Alice M. Rivlin
Alice M. Rivlin
Founding director of the Congressional Budget Office, economist Alice M. Rivlin (born 1931) has leveraged her financial savvy into a key post with the Democratic administration of President Bill Clinton.
Considered to be one of the foremost analysts of the U.S. economy, Alice M. Rivlin has never been known to look at the country's financial forecast wearing rose-colored glasses. Independent-minded, Harvard-educated, and with years of experience in both the public and private sector, Rivlin has been credited with molding the fledgling Congressional Budget Office (CBO) into a respectable government agency responsible for long-term analysis and planning of the nation's government spending. Attempting to balance the usual optimism surrounding economic forecasts by the executive branch of government, Rivlin has been careful to act as a counterbalance, employing a conservative, even pessimistic, outlook in the economic projections she generates upon congressional request. Appointed the founding director of the CBO in 1975, Rivlin has worked in the administrations of presidents Lyndon Johnson, Jimmy Carter, Gerald Ford, Bill Clinton, and Ronald Reagan, moving from the CBO to the second most powerful government position associated with the nation's economy: that of assistant chairman of the Federal Reserve Board.

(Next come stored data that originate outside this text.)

lemma helmholtzian_eigenvalue_cases:
  assumes "is_eigenvalue Or H c"
  shows "is_eigenvalue V L c \<or> (\<exists>p\<in>Or. \<bar>c\<bar> \<le> 3 * real (tri_count V E p))"
proof -
  obtain z where z_ne: "\<exists>p\<in>Or. z p \<noteq> 0" and z_eig: "\<forall>p\<in>Or. matvec Or H z p = c * z p"
    using assms unfolding is_eigenvalue_iff_matvec by blast
  show ?thesis
  proof (cases "\<exists>u\<in>V. divergence z u \<noteq> 0")
    case True
    have "matvec V L (divergence z) u = c * divergence z u" if "u \<in> V" for u
      using that z_eig by (simp add: laplacian_divergence divergence_def sum_distrib_left mult_ac)
    then show ?thesis using True unfolding is_eigenvalue_iff_matvec by blast
  next
    case False
    then have "matvec Or up_laplacian z p = c * z p" if "p \<in> Or" for p
      using that z_eig helmholtzian_matvec[of z p] arc_ends[OF that] by (simp add: grad_def matvec_def)
    then have "is_eigenvalue Or up_laplacian c" unfolding is_eigenvalue_iff_matvec using z_ne by blast
    then obtain p where "p \<in> Or" "\<bar>c\<bar> \<le> (\<Sum>q\<in>Or. \<bar>up_laplacian p q\<bar>)"
      using gershgorin_bound[OF finite_Or] by blast
    then show ?thesis using up_laplacian_abs_row_sum by metis
  qed
qed

lemma tri_count_le_num_triangles: "tri_count V E p \<le> num_triangles V E"
proof -
  have "{T. is_triangle V E T} \<subseteq> Pow V" unfolding is_triangle_def by auto
  then have "finite {T. is_triangle V E T}" using finite_V by (simp add: finite_subset)
  then show ?thesis unfolding tri_count_def num_triangles_def by (rule card_mono) auto
qed

end

theorem corollary5p4:
  fixes V :: "'a set" and E :: "'a set set" and Or :: "('a \<times> 'a) set"
  assumes "simple_graph V E"
    and "E \<noteq> {}"
    and "orientation E Or"
    and "num_triangles V E \<le> (max_degree V E + 1) div 3"
  shows "largest_eigenvalue Or (helmholtzian V E) = largest_eigenvalue V (laplacian E)"
proof -
  interpret oriented_graph V E Or using assms(1,3) by unfold_locales
  obtain p where "p \<in> Or" using assms(2) arc_exists by blast
  then have ne: "Or \<noteq> {}" "V \<noteq> {}" using arc_ends(1)[of p] by blast+
  note H_max = largest_eigenvalue_is_eigenvalue[OF finite_Or ne(1) helmholtzian_symmetric]
    eigenvalue_le_largest_eigenvalue[OF finite_Or ne(1) helmholtzian_symmetric]
  note L_max = largest_eigenvalue_is_eigenvalue[OF finite_V ne(2) laplacian_symmetric]
    eigenvalue_le_largest_eigenvalue[OF finite_V ne(2) laplacian_symmetric]
  have L_ge: "real (max_degree V E) + 1 \<le> largest_eigenvalue V L"
    by (rule largest_laplacian_eigenvalue_ge_max_degree[OF assms(2)])
  have "largest_eigenvalue V L \<le> largest_eigenvalue Or H"
    using L_ge L_max(1) by (intro H_max(2) helmholtzian_eigenvalue_of_laplacian) auto
  moreover have "largest_eigenvalue Or H \<le> largest_eigenvalue V L"
  proof (cases "is_eigenvalue V L (largest_eigenvalue Or H)")
    case False
    then obtain p where "p \<in> Or" "\<bar>largest_eigenvalue Or H\<bar> \<le> 3 * real (tri_count V E p)"
      using helmholtzian_eigenvalue_cases H_max(1) by blast
    moreover have "3 * tri_count V E p \<le> max_degree V E + 1"
      using tri_count_le_num_triangles[of p] assms(4) by linarith
    ultimately show ?thesis using L_ge by linarith
  qed (rule L_max(2))
  ultimately show ?thesis by simp
qed

end
lemma stratum_ev_sets: "stratum_ev M R S1 S0 u r \<in> sets M"
proof -
  have "stratum_ev M R S1 S0 u r = {w \<in> space M. R w = r} \<inter> {w \<in> space M. S1 w = fst u \<and> S0 w = snd u}"
    by (cases u) (auto simp: stratum_ev_def)
  with trial_sets show ?thesis by simp
qed

lemma cond_ev_exp_trial_strata:
  assumes "integrable M f"
  shows "cond_ev_exp M (trial_ev M R r) f
           = (\<Sum>u\<in>UNIV. pi_s M R S1 S0 u r * cond_ev_exp M (stratum_ev M R S1 S0 u r) f)"
proof -
  have "cond_ev_exp M (\<Union>u. stratum_ev M R S1 S0 u r) f
          = (\<Sum>u\<in>UNIV. measure M (stratum_ev M R S1 S0 u r) / measure M (\<Union>u. stratum_ev M R S1 S0 u r)
                         * cond_ev_exp M (stratum_ev M R S1 S0 u r) f)"
    by (rule cond_ev_exp_partition) (simp_all add: disjoint_family_strata stratum_ev_sets assms)
  then show ?thesis
    by (simp add: pi_s_def trial_ev_eq_UN_strata[symmetric])
qed

lemma pi_s_mult_cond_ev_exp_const_on_stratum:
  assumes "\<And>w. w \<in> stratum_ev M R S1 S0 u r \<Longrightarrow> f w = c"
  shows "pi_s M R S1 S0 u r * cond_ev_exp M (stratum_ev M R S1 S0 u r) f = pi_s M R S1 S0 u r * c"
  using cond_ev_exp_cong[of "stratum_ev M R S1 S0 u r" f "\<lambda>_. c" M] assms
  by (simp add: cond_ev_exp_const stratum_ev_sets pi_s_def)

lemma sum_pi_s_le_one: "(\<Sum>u\<in>UNIV. pi_s M R S1 S0 u r) \<le> 1"
proof -
  have "(\<Sum>u\<in>UNIV. pi_s M R S1 S0 u r) = cond_ev_exp M (trial_ev M R r) (\<lambda>_. 1)"
    by (simp add: cond_ev_exp_trial_strata pi_s_mult_cond_ev_exp_const_on_stratum)
  also have "\<dots> \<le> 1"
    using trial_sets by (simp add: cond_ev_exp_const trial_ev_def)
  finally show ?thesis .
qed

lemma ACE_S_eq_pi_s_diff:
  "ACE_S M R S1 S0 r = pi_s M R S1 S0 (True, False) r - pi_s M R S1 S0 (False, True) r"
proof -
  have integrable: "integrable M (\<lambda>w. of_bool (S1 w) - of_bool (S0 w) :: real)"
    by (rule integrable_bounded[where B = 1]) auto
  have strata: "pi_s M R S1 S0 u r * cond_ev_exp M (stratum_ev M R S1 S0 u r) (\<lambda>w. of_bool (S1 w) - of_bool (S0 w))
                   = pi_s M R S1 S0 u r * (of_bool (fst u) - of_bool (snd u))" for u
    by (rule pi_s_mult_cond_ev_exp_const_on_stratum) (auto simp: stratum_ev_def)
  show ?thesis
    by (simp add: ACE_S_def cond_ev_exp_trial_strata[OF integrable] strata sum_UNIV_bool_pair)
qed

end

locale trial_potential_outcomes = trial_strata +
  fixes Y1 Y0 :: "'a \<Rightarrow> bool"
  assumes Y1_measurable[measurable]: "Y1 \<in> measurable M (count_space UNIV)"
    and Y0_measurable[measurable]: "Y0 \<in> measurable M (count_space UNIV)"
begin

lemmas stratum_measurable[measurable] = measurable_Pair_count_space[OF S1_measurable S0_measurable]

lemma integrable_effect_indicator_stratum:
  "integrable M (\<lambda>w. (of_bool (Y1 w) - of_bool (Y0 w)) * of_bool ((S1 w, S0 w) = u) :: real)"
  by (rule integrable_bounded[where B = 1]) auto

lemma ACE_Y_eq_sum_strata:
  "ACE_Y M R Y1 Y0 r = (\<Sum>u\<in>UNIV. pi_s M R S1 S0 u r * ACE_stratum M R S1 S0 Y1 Y0 u r)"
proof -
  have "integrable M (\<lambda>w. of_bool (Y1 w) - of_bool (Y0 w) :: real)"
    by (rule integrable_bounded[where B = 1]) auto
  then show ?thesis
    by (simp add: ACE_Y_def ACE_stratum_def cond_ev_exp_trial_strata)
qed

Rivlin was born March 4, 1931, in Philadelphia, Pennsylvania. The daughter of Allan and Georgianna Mitchell, she and her family soon moved to Bloomington, Indiana, where her father held a professorship in nuclear physics at the University of Indiana. Returning to Pennsylvania after high school, she was accepted by Bryn Mawr College and graduated in 1952, magna cum laude. Rivlin went on to obtain an M.A. in 1955 and a Ph.D. in economics from Harvard University's Radcliffe College in 1958. In 1955 she married attorney Lewis A. Rivlin, and relocated to Washington, D.C. The Rivlins would have three children: Catherine Amy, Allan Mitchell, and Douglas Gray, before divorcing in 1977. She was married for a second time, to Sidney G. Winter, in 1989, and still makes her home outside the nation's capitol.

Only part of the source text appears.